Minor std.stdio.File.ByLine rant - D Programming Language Discussion Forum

Forums

New users
- Learn
Community
- General
- Announce
Improvements
- DIP Ideas
- DIP Devel.
Ecosystem
- GDC
- LDC
- Debuggers
- IDEs
- DWT
Development
- Internals
- Issues
- Beta
- DMD
- Phobos
- Druntime
- Study
Turkish
- Genel
- Duyuru

Index » General » Minor std.stdio.File.ByLine rant

Thread overview

Minor std.stdio.File.ByLine rant
Feb 26, 2014 H. S. Teoh
Feb 26, 2014 Jakob Ovrum
Feb 26, 2014 bearophile
Feb 27, 2014 Jakob Ovrum
Feb 27, 2014 Steven Schveighoffer
Feb 27, 2014 H. S. Teoh
Feb 27, 2014 Sean Kelly
Feb 27, 2014 Steven Schveighoffer
Feb 27, 2014 Steven Schveighoffer
Feb 27, 2014 H. S. Teoh
Feb 27, 2014 Steven Schveighoffer
Feb 28, 2014 H. S. Teoh
Feb 28, 2014 Steven Schveighoffer

February 26, 2014

Minor std.stdio.File.ByLine rant

Posted by H. S. Teoh

H. S. Teoh

I'm writing a CLI program that uses File.ByLine to read input commands, with optional prompting (if run in interactive mode).

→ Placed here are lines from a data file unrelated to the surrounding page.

lemma softmax_code_proj_features_minimizer:
  assumes "2 \<le> K" "1 \<le> n"
    and rattler_free: "\<forall>W :: nat \<Rightarrow> real^'d. softmax_code K W \<longrightarrow> (\<forall>k. \<not> ovr_rattler K W k)"
    and S: "softmax_code K (W :: nat \<Rightarrow> real^'d)"
  shows "hardmax_minimizer K n W (proj_features K n W)"
proof -
  have "0 < rho_ovr K W"
    using softmax_code_rho_ovr_pos[OF assms(1) rattler_free S] .
  then have "0 < ovr_dist K W k" if "k < K" for k
    using rho_ovr_le[OF that, of W] by linarith
  then have "proj_features K n W \<in> OB2 K n"
    by (rule proj_features_OB2[OF assms(1)])
  moreover have "L_HardMax K n W (proj_features K n W) \<le> L_HardMax K n W' H'"
    if "W' \<in> OB K" "H' \<in> OB2 K n" for W' :: "nat \<Rightarrow> real^'d" and H'
  proof -
    have "L_HardMax K n W (proj_features K n W) \<le> - rho_ovr K W"
      by (rule L_HardMax_proj_features[OF assms(1,2)])
    also have "\<dots> \<le> - rho_ovr K W'"
      using S that(1) by (auto simp: softmax_code_def argmax_on_def)
    also have "\<dots> \<le> L_HardMax K n W' H'"
      by (rule neg_rho_ovr_le_L_HardMax[OF assms(1,2) that(2)])
    finally show ?thesis .
  qed
  ultimately show ?thesis
    using S by (simp add: softmax_code_def argmax_on_def)
qed

lemma hardmax_minimizer_softmax_code:
  assumes "2 \<le> K" "1 \<le> n"
    and rattler_free: "\<forall>W :: nat \<Rightarrow> real^'d. softmax_code K W \<longrightarrow> (\<forall>k. \<not> ovr_rattler K W k)"
    and min: "hardmax_minimizer K n (W :: nat \<Rightarrow> real^'d) H"
  shows "softmax_code K W" "L_HardMax K n W H \<le> - rho_ovr K W"
proof -
  obtain W\<^sub>0 :: "nat \<Rightarrow> real^'d" where S\<^sub>0: "softmax_code K W\<^sub>0"
    using softmax_code_exists[OF assms(1)] by blast
  have "W\<^sub>0 \<in> OB K" "proj_features K n W\<^sub>0 \<in> OB2 K n"
    using softmax_code_proj_features_minimizer[OF assms(1-3) S\<^sub>0] by simp_all
  then have "L_HardMax K n W H \<le> L_HardMax K n W\<^sub>0 (proj_features K n W\<^sub>0)"
    using min by blast
  also have "\<dots> \<le> - rho_ovr K W\<^sub>0"
    by (rule L_HardMax_proj_features[OF assms(1,2)])
  finally have "L_HardMax K n W H \<le> - rho_ovr K W\<^sub>0" .
  moreover have "- rho_ovr K W \<le> L_HardMax K n W H"
    using min by (intro neg_rho_ovr_le_L_HardMax[OF assms(1,2)]) simp
  moreover have "rho_ovr K W \<le> rho_ovr K W\<^sub>0"
    using S\<^sub>0 min by (simp add: softmax_code_def argmax_on_def)
  ultimately have "rho_ovr K W = rho_ovr K W\<^sub>0"
    by linarith
  then show "softmax_code K W"
    using S\<^sub>0 min by (simp add: softmax_code_def argmax_on_def)
  show "L_HardMax K n W H \<le> - rho_ovr K W"
    using \<open>L_HardMax K n W H \<le> - rho_ovr K W\<^sub>0\<close> \<open>rho_ovr K W = rho_ovr K W\<^sub>0\<close> by simp
qed

lemma optimal_features_collapse:
  assumes "2 \<le> K"
    and ovr_rattler_free: "\<forall>W :: nat \<Rightarrow> real^'d. softmax_code K W \<longrightarrow> (\<forall>k. \<not> ovr_rattler K W k)"
    and ovo_rattler_free: "\<forall>W :: nat \<Rightarrow> real^'d. tammes_solution K W \<longrightarrow> (\<forall>k. \<not> ovo_rattler K W k)"
    and S: "softmax_code K (W :: nat \<Rightarrow> real^'d)" and T: "tammes_solution K W"
    and H: "H \<in> OB2 K n" and L: "L_HardMax K n W H \<le> - rho_ovr K W"
    and "k < K" "i < n"
  shows "H k i = W k"
proof -
  define r where "r = rho_ovr K W"
  define c where "c = 1 - (ovo_dist K W k)\<^sup>2 / 2"
  have W: "W \<in> OB K"
    using S by (simp add: softmax_code_def argmax_on_def)
  have "0 < r"
    unfolding r_def by (rule softmax_code_rho_ovr_pos[OF assms(1) ovr_rattler_free S])
  have "c *\<^sub>R W k \<in> rest_hull K W k"
    unfolding c_def by (rule tammes_solution_scaled_column_in_rest_hull[OF assms(1) ovo_rattler_free T \<open>k < K\<close>])
  then have "inner (c *\<^sub>R W k - W k) (H k i) \<le> L_HardMax K n W H"
    by (rule inner_rest_hull_le_L_HardMax[OF \<open>k < K\<close> \<open>i < n\<close>])
  then have "inner (c *\<^sub>R W k - W k) (H k i) \<le> - r"
    using L by (simp add: r_def)
  then have *: "r \<le> (1 - c) * inner (W k) (H k i)"
    by (simp add: inner_diff_left algebra_simps)
  have "ovr_dist K W k = r"
    using ovr_rattler_free S \<open>k < K\<close> unfolding ovr_rattler_def r_def by blast
  then have "1 - c \<le> r"
    using ovo_dist_sq_le_ovr_dist[OF assms(1) W \<open>k < K\<close>] by (simp add: c_def)
  moreover have "0 < 1 - c"
  proof -
    have "1 - c \<noteq> 0"
      using * \<open>0 < r\<close> by auto
    moreover have "0 \<le> 1 - c"
      by (simp add: c_def)
    ultimately show ?thesis
      by linarith
  qed
  ultimately have "1 - c \<le> (1 - c) * inner (W k) (H k i)"
    using * by linarith
  then have "1 \<le> inner (W k) (H k i)"
    using \<open>0 < 1 - c\<close> by (simp add: mult_le_cancel_left1)
  then show ?thesis
    using unit_eq_if_inner_ge_one[OF OB_norm[OF W \<open>k < K\<close>] OB2_norm[OF H \<open>k < K\<close> \<open>i < n\<close>]] by simp
qed

theorem mainTheorem8:
  fixes K n :: nat
  assumes "K \<ge> 2" and "n \<ge> 1"
    and "\<forall>W :: nat \<Rightarrow> real^'d. softmax_code K W \<longrightarrow> (\<forall>k. \<not> ovr_rattler K W k)"
    and "\<forall>W :: nat \<Rightarrow> real^'d. tammes_solution K W \<longrightarrow> (\<forall>k. \<not> ovo_rattler K W k)"
  shows "(\<forall>(W :: nat \<Rightarrow> real^'d) H.
            W \<in> OB K \<and> H \<in> OB2 K n \<and>
            (\<forall>W' \<in> (OB K :: (nat \<Rightarrow> real^'d) set). \<forall>H' \<in> (OB2 K n :: (nat \<Rightarrow> nat \<Rightarrow> real^'d) set). L_HardMax K n W H \<le> L_HardMax K n W' H')
            \<longrightarrow> (\<forall>k<K. \<forall>i<n. H k i = W k))
       \<longleftrightarrow> argmax_on (OB K :: (nat \<Rightarrow> real^'d) set) (rho_ovr K) =
           argmax_on (OB K) (rho_ovo K)"
proof
  assume collapse: "\<forall>(W :: nat \<Rightarrow> real^'d) H. hardmax_minimizer K n W H \<longrightarrow> (\<forall>k<K. \<forall>i<n. H k i = W k)"
  have "2 * rho_ovr K W \<le> (rho_ovo K W)\<^sup>2" if "W \<in> argmax_on (OB K) (rho_ovr K)" for W :: "nat \<Rightarrow> real^'d"
  proof (rule rho_ovr_le_half_sq_rho_ovo_if_collapsed[OF assms(1)])
    show "W \<in> OB K"
      using that by (simp add: argmax_on_def)
    have "hardmax_minimizer K n W (proj_features K n W)"
      using that by (intro softmax_code_proj_features_minimizer[OF assms(1-3)]) (simp add: softmax_code_def)
    then show "sgn (W k - closest_point (rest_hull K W k) (W k)) = W k" if "k < K" for k
      using collapse that assms(2) by (fastforce simp: proj_features_def)
  qed
  moreover obtain W\<^sub>0 :: "nat \<Rightarrow> real^'d" where "softmax_code K W\<^sub>0"
    using softmax_code_exists[OF assms(1)] by blast
  ultimately show "argmax_on (OB K :: (nat \<Rightarrow> real^'d) set) (rho_ovr K) = argmax_on (OB K) (rho_ovo K)"
    using rho_ovo_nonneg[OF assms(1)] rho_ovo_sq_le_rho_ovr[OF assms(1)]
    by (intro argmax_on_eq_if_sq_bound[where x\<^sub>0 = W\<^sub>0]) (simp_all add: softmax_code_def)
next
  assume argmax_eq: "argmax_on (OB K :: (nat \<Rightarrow> real^'d) set) (rho_ovr K) = argmax_on (OB K) (rho_ovo K)"
  show "\<forall>(W :: nat \<Rightarrow> real^'d) H. hardmax_minimizer K n W H \<longrightarrow> (\<forall>k<K. \<forall>i<n. H k i = W k)"
  proof (intro allI impI)
    fix W :: "nat \<Rightarrow> real^'d" and H k i
    assume min: "hardmax_minimizer K n W H" and "k < K" "i < n"
    have "softmax_code K W" "L_HardMax K n W H \<le> - rho_ovr K W"
      using hardmax_minimizer_softmax_code[OF assms(1-3) min] by simp_all
    moreover from this(1) have "tammes_solution K W"
      using argmax_eq by (simp add: softmax_code_def tammes_solution_def)
    ultimately show "H k i = W k"
      using optimal_features_collapse[OF assms(1,3,4)] min \<open>k < K\<close> \<open>i < n\<close> by blast
  qed
qed

end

One would imagine that this should be a natural use for ByLine (perhaps not as common nowadays with the rampant GUI fanboyism, but it still happens in some niches), but it is fraught with peril.

First of all, the way ByLine works is kinda tricky, even in the previous releases. The underlying cause is that at least on Posix, the underlying C feof() call doesn't actually tell you whether you're really at EOF until you try to read something from the file descriptor. I know there are good reasons for this, but this special percolates up the standard library code and causes a problem with D's input range primitives, where .empty must tell the caller, right now, whether data is available, *before* .front ever returns anything.

At one time, this problem was worked around by issuing a single fgetc on the underlying file descriptor in ByLine's .empty method to determine its EOF state, and then doing a fungetc to put the char back into the stream.  However, this code is a rather ugly hack, and causes the problem that when the interactive program needs to output a prompt before blocking on input, it has to do so *before* it calls ByLine.empty (since otherwise .empty blocks and the prompt doesn't get printed until after the user has hit Enter -- clearly unacceptable for an interactive shell program). If the stream turns out empty after all, then the prompt is already output, and there's no way to take it back, so an extraneous prompt is always written.

Understandably, the fungetc hack was subsequently removed from Phobos, by caching the subsequent line the first time .empty was called, which eliminated the ugliness of fungetc, and allowed current code to continue working as before.

Then recently, and also understandably, caching things in .empty was frowned upon, so the caching was removed from .empty altogether and pushed into the ByLine ctor. From the standpoint of Phobos code, this is perhaps the ideal solution: the ctor reads the stream to get the first line and simultaneously determine the EOF status of the stream, and there is no need for ugly boolean state flags, fungetc ugliness, and generally unpleasant code.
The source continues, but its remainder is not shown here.